Filter this listing down to the lines that contain the word "finally", and copy them.
━━━━━━━━━━━━━━━━━━━━
(* P/Q = p_n/q_n and P'/Q' = p_{n-1}/q_{n-1} are consecutive convergents of alpha, t its n-th remainder. *)
locale cf_tail = unimodular_pair +
  fixes t \<alpha> :: real
  assumes t_pos: "0 < t" and \<alpha>_eq: "\<alpha> = (P + P' * t) / (Q + Q' * t)"
begin

lemma tail_denominator_pos: "0 < Q + Q' * t"
  using Q_pos Q'_pos t_pos by (simp add: add_pos_pos)

lemma approx_diff: "P / Q - \<alpha> = of_int (P * Q' - P' * Q) * (t / (Q * (Q + Q' * t)))"
  using Q_pos tail_denominator_pos unfolding \<alpha>_eq by (simp add: divide_simps) (simp add: algebra_simps)

lemma prev_approx_diff: "\<alpha> - P' / Q' = of_int (P * Q' - P' * Q) * (1 / (Q' * (Q + Q' * t)))"
  using Q'_pos tail_denominator_pos unfolding \<alpha>_eq by (simp add: divide_simps) (simp add: algebra_simps)

lemma det_cases: "of_int (P * Q' - P' * Q) = (1::real) \<or> of_int (P * Q' - P' * Q) = (-1::real)"
proof -
  have "P * Q' - P' * Q = 1 \<or> P * Q' - P' * Q = -1" using unimodular by arith
  then show ?thesis by (elim disjE) simp_all
qed

lemma sgn_approx_diff: "sgn (P / Q - \<alpha>) = of_int (P * Q' - P' * Q)"
proof -
  have "sgn (t / (Q * (Q + Q' * t))) = 1" using Q_pos tail_denominator_pos t_pos by simp
  with det_cases show ?thesis unfolding approx_diff by (auto simp: sgn_mult)
qed
(* For n >= 0 let D_r(k,n) = k!/((n+1)...(n+k)) times the sum of 1/((n+l_1)...(n+l_r)) over
   1 <= l_1 <= ... <= l_r <= k; it satisfies the recursion by which Dsum is defined below, and
   D_r(k,0) is the inner sum of G. Put U_r(k,n) = sum_{s<=r} D_s(k,n)/n^(r-s+1). Two telescoping
   identities drive the proof:
     D_r(k+1,n)/(k+1) = U_r(k,n) - U_r(k+1,n)   (n >= 1),
     (k+1) U_r(k+1,n+1) = D_r(k+1,n) - D_r(k+1,n+1).
   Summing the first over k > a and iterating along chains 0 < k_1 < ... < k_p < k shows that, for
   every n >= 1, the sum over k of e_p(k) U_q(k,n)/k, with e_p(k) the sum of 1/(k_1...k_p) over
   such chains, is the (p+2)-fold geometric convolution of the unit vector at q, namely
   binom(p+q+1,q)/n^(p+q+2). Summing the second over n gives D_q(k,0)/k for the sum of U_q(k,n).
   Exchanging the two summations (all terms are nonnegative) gives G_2(p,q) = binom(p+q+1,q)
   zeta(p+q+2), and the duality is the symmetry of the binomial coefficient. The limits required
   by the telescoping come from D_r(k,n) <= 2^r prod_{j<=k} j/(j+n-1/2). *)

theory Submission
  imports Defs "HOL-Real_Asymp.Real_Asymp"
begin

lemma sums_imp_has_sum_greaterThan:
  fixes f :: "nat \<Rightarrow> real"
  assumes "(\<lambda>i. f (Suc (a + i))) sums S" and "\<And>k. k > a \<Longrightarrow> f k \<ge> 0"
  shows "(f has_sum S) {a<..}"
proof -
  have "((\<lambda>i. f (Suc (a + i))) has_sum S) UNIV"
    using assms by (intro sums_nonneg_imp_has_sum) auto
  also have "?this \<longleftrightarrow> (f has_sum S) {a<..}"
    by (rule has_sum_reindex_bij_witness[where i = "\<lambda>k. k - Suc a" and j = "\<lambda>i. Suc (a + i)"]) auto
  finally show ?thesis .
qed

lemma has_sum_Sigma_nonneg:
  fixes f :: "'a \<times> 'b \<Rightarrow> real"
  assumes "\<And>x. x \<in> A \<Longrightarrow> ((\<lambda>y. f (x, y)) has_sum g x) (B x)" and "(g has_sum S) A"
    and "\<And>x y. x \<in> A \<Longrightarrow> y \<in> B x \<Longrightarrow> f (x, y) \<ge> 0"
  shows "(f has_sum S) (Sigma A B)"
proof -
  have "f summable_on Sigma A B"
    by (rule summable_on_SigmaI[where g = g]) (use assms in \<open>auto intro: has_sum_imp_summable\<close>)
  then show ?thesis
    by (intro has_sum_SigmaI[where g = g]) (use assms in auto)
qed

lemma has_sum_swap_nonneg:
  fixes f :: "'a \<Rightarrow> 'b \<Rightarrow> real"
  assumes "\<And>x. x \<in> A \<Longrightarrow> (f x has_sum g x) (B x)" and "(g has_sum S) A"
    and "\<And>x y. x \<in> A \<Longrightarrow> y \<in> B x \<Longrightarrow> f x y \<ge> 0"
    and "\<And>y. y \<in> C \<Longrightarrow> ((\<lambda>x. f x y) has_sum h y) (D y)"
    and "\<And>x y. x \<in> A \<and> y \<in> B x \<longleftrightarrow> y \<in> C \<and> x \<in> D y"
  shows "(h has_sum S) C"
proof -
  have "((\<lambda>(x, y). f x y) has_sum S) (Sigma A B)"
    by (rule has_sum_Sigma_nonneg[OF _ assms(2)]) (use assms(1,3) in auto)
  also have "?this \<longleftrightarrow> ((\<lambda>(y, x). f x y) has_sum S) (Sigma C D)"
    by (rule has_sum_reindex_bij_witness[where i = "\<lambda>(y, x). (x, y)" and j = "\<lambda>(x, y). (y, x)"])
       (use assms(5) in auto)
  finally show ?thesis
    by (rule has_sum_SigmaD) (use assms(4) in auto)
qed

lemma finite_lists_length_subset: "finite A \<Longrightarrow> finite {xs. length xs = p \<and> P xs \<and> set xs \<subseteq> A}"
  by (rule finite_subset[OF _ finite_lists_length_eq[of A p]]) auto

lemma prod_list_of_nat_nonneg: "0 \<le> (\<Prod>x\<leftarrow>xs. real x)"
  by (induction xs) auto

lemma rzeta_has_sum:
  assumes "s \<ge> 2"
  shows "((\<lambda>n. 1 / real n ^ s) has_sum rzeta s) {0<..}"
proof (rule sums_imp_has_sum_greaterThan)
  have "summable (\<lambda>m. inverse (real (Suc m) ^ s))"
    using inverse_power_summable[OF assms] by (subst summable_Suc_iff)
  then show "(\<lambda>i. 1 / real (Suc (0 + i)) ^ s) sums rzeta s"
    unfolding rzeta_def by (simp add: summable_sums inverse_eq_divide)
qed simp

fun Dsum :: "nat \<Rightarrow> nat \<Rightarrow> nat \<Rightarrow> real" where
  "Dsum r 0 n = (if r = 0 then 1 else 0)"
| "Dsum 0 (Suc k) n = real (Suc k) * Dsum 0 k n / real (Suc k + n)"
| "Dsum (Suc r) (Suc k) n = (real (Suc k) * Dsum (Suc r) k n + Dsum r (Suc k) n) / real (Suc k + n)"

primrec gconv :: "nat \<Rightarrow> (nat \<Rightarrow> real) \<Rightarrow> nat \<Rightarrow> real" where
  "gconv n X 0 = X 0 / real n"
| "gconv n X (Suc r) = (X (Suc r) + gconv n X r) / real n"

definition Usum :: "nat \<Rightarrow> nat \<Rightarrow> nat \<Rightarrow> real" where
  "Usum r k n = gconv n (\<lambda>s. Dsum s k n) r"

lemma Dsum_nonneg: "Dsum r k n \<ge> 0"
  by (induction r k n rule: Dsum.induct) auto

lemma gconv_nonneg: "(\<And>s. X s \<ge> 0) \<Longrightarrow> gconv n X r \<ge> 0"
  by (induction r) auto

lemma Usum_nonneg: "Usum r k n \<ge> 0"
  unfolding Usum_def by (intro gconv_nonneg Dsum_nonneg)

lemma Dsum_0_Suc: "real (Suc k + n) * Dsum 0 (Suc k) n = real (Suc k) * Dsum 0 k n"
  by simp

lemma Dsum_Suc_Suc:
  "real (Suc k + n) * Dsum (Suc r) (Suc k) n = real (Suc k) * Dsum (Suc r) k n + Dsum r (Suc k) n"
  by simp

declare Dsum.simps(2,3) [simp del]

lemma Dsum_eq_Usum_diff:
  assumes "n > 0"
  shows "Dsum r (Suc k) n = real (Suc k) * (Usum r k n - Usum r (Suc k) n)"
proof (induction r)
  case 0
  have "real n * Dsum 0 (Suc k) n = real (Suc k) * (Dsum 0 k n - Dsum 0 (Suc k) n)"
    using Dsum_0_Suc[of k n] by (simp add: algebra_simps)
  with assms show ?case
    unfolding Usum_def by (simp add: field_simps)
next
  case (Suc r)
  have "real (Suc k) * (Usum (Suc r) k n - Usum (Suc r) (Suc k) n)
      = (real (Suc k) * (Dsum (Suc r) k n - Dsum (Suc r) (Suc k) n)
         + real (Suc k) * (Usum r k n - Usum r (Suc k) n)) / real n"
    using assms unfolding Usum_def by (simp add: field_simps)
  also have "\<dots> = (real (Suc k) * (Dsum (Suc r) k n - Dsum (Suc r) (Suc k) n) + Dsum r (Suc k) n) / real n"
    using Suc.IH by simp
  also have "\<dots> = Dsum (Suc r) (Suc k) n"
    using assms Dsum_Suc_Suc[of k n r] by (simp add: field_simps)
  finally show ?case ..
qed

lemma Dsum_Suc_eq_Usum_step:
  fixes D D' A B T P :: real and k n :: nat
  assumes "real (Suc (Suc k) + n) * D' = real (Suc (Suc k)) * D + real (Suc (Suc k)) * P"
    and "D = real (Suc k) * A" and "T = real (Suc k) * (A - B)" and "real (Suc n) * B = T + P"
  shows "D' = real (Suc (Suc k)) * B"
proof -
  have "real (Suc (Suc k) + n) * D' = real (Suc (Suc k)) * (real (Suc k) * A + P)"
    using assms(1,2) by (simp add: algebra_simps)
  also have "real (Suc k) * A + P = real (Suc (Suc k) + n) * B"
    using assms(3,4) by (simp add: algebra_simps)
  finally show ?thesis by simp
qed

lemma Dsum_Suc_eq_Usum: "Dsum r (Suc k) n = real (Suc k) * Usum r k (Suc n)"
proof (induction r arbitrary: k)
  case 0
  show ?case
  proof (induction k)
    case 0
    show ?case by (simp add: Usum_def Dsum.simps)
  next
    case (Suc k)
    have rec: "real (Suc (Suc k) + n) * Dsum 0 (Suc (Suc k)) n
        = real (Suc (Suc k)) * Dsum 0 (Suc k) n + real (Suc (Suc k)) * 0"
      using Dsum_0_Suc[of "Suc k" n] by simp
    have conv: "real (Suc n) * Usum 0 (Suc k) (Suc n) = Dsum 0 (Suc k) (Suc n) + 0"
      by (simp add: Usum_def)
    show ?case
      by (rule Dsum_Suc_eq_Usum_step[OF rec Suc.IH Dsum_eq_Usum_diff conv]) simp
  qed
next
  case (Suc r)
  note IH_r = Suc.IH
  show ?case
  proof (induction k)
    case 0
    show ?case using IH_r[of 0] by (simp add: Usum_def Dsum.simps)
  next
    case (Suc k)
    have rec: "real (Suc (Suc k) + n) * Dsum (Suc r) (Suc (Suc k)) n
        = real (Suc (Suc k)) * Dsum (Suc r) (Suc k) n + real (Suc (Suc k)) * Usum r (Suc k) (Suc n)"
      using Dsum_Suc_Suc[of "Suc k" n r] IH_r by simp
    have conv: "real (Suc n) * Usum (Suc r) (Suc k) (Suc n)
        = Dsum (Suc r) (Suc k) (Suc n) + Usum r (Suc k) (Suc n)"
      by (simp add: Usum_def)
    show ?case
      by (rule Dsum_Suc_eq_Usum_step[OF rec Suc.IH Dsum_eq_Usum_diff conv]) simp
  qed
qed

lemma Dsum_diff_Suc_right:
  "Dsum r (Suc k) n - Dsum r (Suc k) (Suc n) = real (Suc k) * Usum r (Suc k) (Suc n)"
  using Dsum_eq_Usum_diff[of "Suc n" r k] Dsum_Suc_eq_Usum[of r k n] by (simp add: algebra_simps)

(* The shift by 1/2 absorbs the lower-order term in the recursion of Dsum, which makes
   Dsum_le_Qprod inductive. *)
definition Qprod :: "nat \<Rightarrow> nat \<Rightarrow> real" where
  "Qprod k n = (\<Prod>j=1..k. real j / (real j + real n - 1/2))"

lemma Qprod_0 [simp]: "Qprod 0 n = 1"
  by (simp add: Qprod_def)

lemma Qprod_Suc: "Qprod (Suc k) n = Qprod k n * real (Suc k) / (real (Suc k) + real n - 1/2)"
  by (simp add: Qprod_def)

lemma Qprod_pos: "Qprod k n > 0"
  unfolding Qprod_def by (intro prod_pos) auto

lemma Dsum_le_Qprod: "Dsum r k n \<le> 2 ^ r * Qprod k n"
proof (induction r k n rule: Dsum.induct)
  case (1 r n)
  then show ?case by simp
next
  case (2 k n)
  have "Dsum 0 (Suc k) n = real (Suc k) * Dsum 0 k n / real (Suc k + n)"
    by (simp add: Dsum.simps)
  also have "\<dots> \<le> real (Suc k) * Qprod k n / real (Suc k + n)"
    using 2 by (intro divide_right_mono mult_left_mono) auto
  also have "\<dots> \<le> real (Suc k) * Qprod k n / (real (Suc k) + real n - 1/2)"
    using Qprod_pos[of k n] by (intro divide_left_mono) auto
  finally show ?case by (simp add: Qprod_Suc mult.commute)
next
  case (3 r k n)
  define d where "d = real (Suc k) + real n - 1/2"
  have d: "d > 0" "real (Suc k + n) = d + 1/2"
    by (simp_all add: d_def)
  have Q: "real (Suc k) * Qprod k n = d * Qprod (Suc k) n"
    using d by (simp add: Qprod_Suc d_def)
  have "Dsum (Suc r) (Suc k) n = (real (Suc k) * Dsum (Suc r) k n + Dsum r (Suc k) n) / real (Suc k + n)"
    by (simp add: Dsum.simps)
  also have "\<dots> \<le> (real (Suc k) * (2 ^ Suc r * Qprod k n) + 2 ^ r * Qprod (Suc k) n) / real (Suc k + n)"
    using 3 by (intro divide_right_mono add_mono mult_left_mono) auto
  also have "\<dots> = (2 ^ Suc r * (d * Qprod (Suc k) n) + 2 ^ r * Qprod (Suc k) n) / (d + 1/2)"
    by (simp only: d(2) flip: Q) (simp add: algebra_simps)
  also have "\<dots> = 2 ^ Suc r * Qprod (Suc k) n"
    using d(1) by (simp add: field_simps)
  finally show ?case .
qed

lemma Qprod_squared_le:
  assumes "n \<ge> 1"
  shows "(Qprod k n)\<^sup>2 \<le> 1 / (real k + 1)"
proof (induction k)
  case 0
  then show ?case by simp
next
  case (Suc k)
  have "(Qprod (Suc k) n)\<^sup>2 = (Qprod k n)\<^sup>2 * (real (Suc k))\<^sup>2 / (real (Suc k) + real n - 1/2)\<^sup>2"
    by (simp add: Qprod_Suc power_mult_distrib power_divide)
  also have "\<dots> \<le> 1 / (real k + 1) * (real (Suc k))\<^sup>2 / (real k + 3/2)\<^sup>2"
  proof (rule divide_mono)
    show "(real k + 3/2)\<^sup>2 \<le> (real (Suc k) + real n - 1/2)\<^sup>2"
      using assms by (intro power_mono) auto
    show "(Qprod k n)\<^sup>2 * (real (Suc k))\<^sup>2 \<le> 1 / (real k + 1) * (real (Suc k))\<^sup>2"
      using Suc.IH by (rule mult_right_mono) simp
  qed auto
  also have "\<dots> = (real k + 1) / (real k + 3/2)\<^sup>2"
    by (simp add: power2_eq_square add.commute)
  also have "\<dots> \<le> 1 / (real (Suc k) + 1)"
    by (simp add: divide_simps power2_eq_square algebra_simps add_pos_nonneg)
  finally show ?case .
qed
━━━━━━━━━━━━━━━━━━━━
◆ Written response
  finally show ?thesis .
  finally show ?thesis
  finally show ?case ..
  finally show ?thesis by simp
  finally show ?case by (simp add: Qprod_Suc mult.commute)
  finally show ?case .
  finally show ?case .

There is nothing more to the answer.